Description: Python package to assess and improve public speaking for hesistant scientists!
Converser relies on the following core dependencies:
- conda >= 24.11.3 (for environment management)
- Python >= 3.12
All required packages are specified in the Converser.yaml file.
Use the commands below to install the package.
git clone https://github.com/MatthewHiggins2017/Converser.git
cd Converser
conda env create -f Converser.yaml
conda activate CONVERSER
pip install .
Run the analysis script with the following command. The only required argument is the input audio file.

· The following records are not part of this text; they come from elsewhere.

theorem lemma4:
  fixes \<phi> :: "real \<Rightarrow> complex" and f :: "complex \<Rightarrow> complex" and n :: nat
  defines "\<gamma> \<equiv> \<phi> ` {0..1}"
  assumes n: "n \<ge> 2"
    and adm: "admissible_param \<phi>"
    and ex: "arc_deriv_exists_upto \<gamma> (n + 1) f"
    and cont: "continuous_on \<gamma> (arc_deriv \<gamma> (n + 1) f)"
  shows "\<forall>k\<in>{1..n-1}.
     bdd_above ((\<lambda>z. norm (arc_deriv \<gamma> (k + 1) f z)) ` \<gamma>) \<and>
     bdd_above ((\<lambda>(z1, z2). norm (arc_integral \<phi> (\<lambda>z. (z - z2) ^ (k + 1) * arc_deriv \<gamma> (k + 2) f z) z2 z1
                                   / (z1 - z2) ^ (k + 1)))
                ` {(z1, z2). z1 \<in> \<gamma> \<and> z2 \<in> \<gamma> \<and> z1 \<noteq> z2}) \<and>
     (\<forall>z1\<in>\<gamma>. \<forall>z2\<in>\<gamma>. z1 \<noteq> z2 \<longrightarrow>
        norm (d1k \<gamma> k f z1 z2) \<le>
          ((SUP z\<in>\<gamma>. norm (arc_deriv \<gamma> (k + 1) f z)) +
           (SUP p\<in>{(z1, z2). z1 \<in> \<gamma> \<and> z2 \<in> \<gamma> \<and> z1 \<noteq> z2}.
              (case p of (z1, z2) \<Rightarrow>
                 norm (arc_integral \<phi> (\<lambda>z. (z - z2) ^ (k + 1) * arc_deriv \<gamma> (k + 2) f z) z2 z1
                       / (z1 - z2) ^ (k + 1))))) / real (k + 1))"
proof
  interpret admissible_arc \<phi> by (rule admissible_arc.intro[OF adm])
  fix k assume k: "k \<in> {1..n-1}"
  let ?F = "\<lambda>j. arc_deriv \<gamma> j f"
  define P where "P = {(z1, z2). z1 \<in> \<gamma> \<and> z2 \<in> \<gamma> \<and> z1 \<noteq> z2}"
  define R where "R = (\<lambda>(z1, z2). norm (arc_integral \<phi> (\<lambda>z. (z - z2) ^ (k + 1) * ?F (k + 2) z) z2 z1
    / (z1 - z2) ^ (k + 1)))"
  have F_cont: "continuous_on \<gamma> (?F j)" if "j \<le> n + 1" for j
    using continuous_on_arc_deriv[OF _ ex, of j] arc_islimpt cont that
    by (cases "j = n + 1") (auto simp: \<gamma>_def)
  have bdd_F: "bdd_above ((\<lambda>z. norm (?F (k + 1) z)) ` \<gamma>)"
    using k n compact_arc unfolding \<gamma>_def[symmetric]
    by (intro bounded_imp_bdd_above compact_imp_bounded compact_continuous_image
        continuous_on_norm F_cont) auto
  have kn: "k + 1 < n + 1" "k + 2 \<le> n + 1" using k n by auto
  from bdd_above_arc_integral_remainder[OF F_cont[OF kn(2), unfolded \<gamma>_def], of "k + 1"]
  have bdd_R: "bdd_above (R ` P)"
    unfolding P_def R_def \<gamma>_def .
  have "norm (d1k \<gamma> k f z1 z2) \<le> ((SUP z\<in>\<gamma>. norm (?F (k + 1) z)) + (SUP p\<in>P. R p)) / real (k + 1)"
    if z: "z1 \<in> \<gamma>" "z2 \<in> \<gamma>" "z1 \<noteq> z2" for z1 z2
  proof -
    have "norm (d1k \<gamma> k f z1 z2) = norm (?F (k + 1) z1 - arc_integral \<phi> (\<lambda>z. (z - z2) ^ (k + 1) * ?F (k + 2) z) z2 z1
        / (z1 - z2) ^ (k + 1)) / real (k + 1)"
      using d1k_integral_remainder[OF ex[unfolded \<gamma>_def] kn(1) z[unfolded \<gamma>_def]]
      unfolding \<gamma>_def by (simp only: norm_divide norm_of_nat)
    also have "\<dots> \<le> (norm (?F (k + 1) z1) + R (z1, z2)) / real (k + 1)"
      by (intro divide_right_mono norm_triangle_ineq4[THEN order_trans]) (simp_all add: R_def)
    also have "\<dots> \<le> ((SUP z\<in>\<gamma>. norm (?F (k + 1) z)) + (SUP p\<in>P. R p)) / real (k + 1)"
      using z by (intro divide_right_mono add_mono cSUP_upper bdd_F bdd_R) (auto simp: P_def)
    finally show ?thesis .
  qed
  with bdd_F bdd_R show "bdd_above ((\<lambda>z. norm (?F (k + 1) z)) ` \<gamma>) \<and> bdd_above (R ` P) \<and>
      (\<forall>z1\<in>\<gamma>. \<forall>z2\<in>\<gamma>. z1 \<noteq> z2 \<longrightarrow>
        norm (d1k \<gamma> k f z1 z2) \<le> ((SUP z\<in>\<gamma>. norm (?F (k + 1) z)) + (SUP p\<in>P. R p)) / real (k + 1))"
    by blast
qed

end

python scripts/Converser_Assess.py -i <path_to_audio_file> [options]Example:
python scripts/Converser_Assess.py -i ./Test/Test_1.m4a -o ./Test/Test_1_Out-i,--input_file: (Required) Path to the input audio file (e.g.,.m4a,.mp3).-o,--output_dir: (Optional) Path to the output directory. Defaults to the current directory (./).-t,--time_window: (Optional) Time window size in seconds for analysis. Defaults to60.--Zero_Shot_Labels: (Optional) Comma-separated list of custom labels for zero-shot emotion analysis. Defaults toconfident,unsure.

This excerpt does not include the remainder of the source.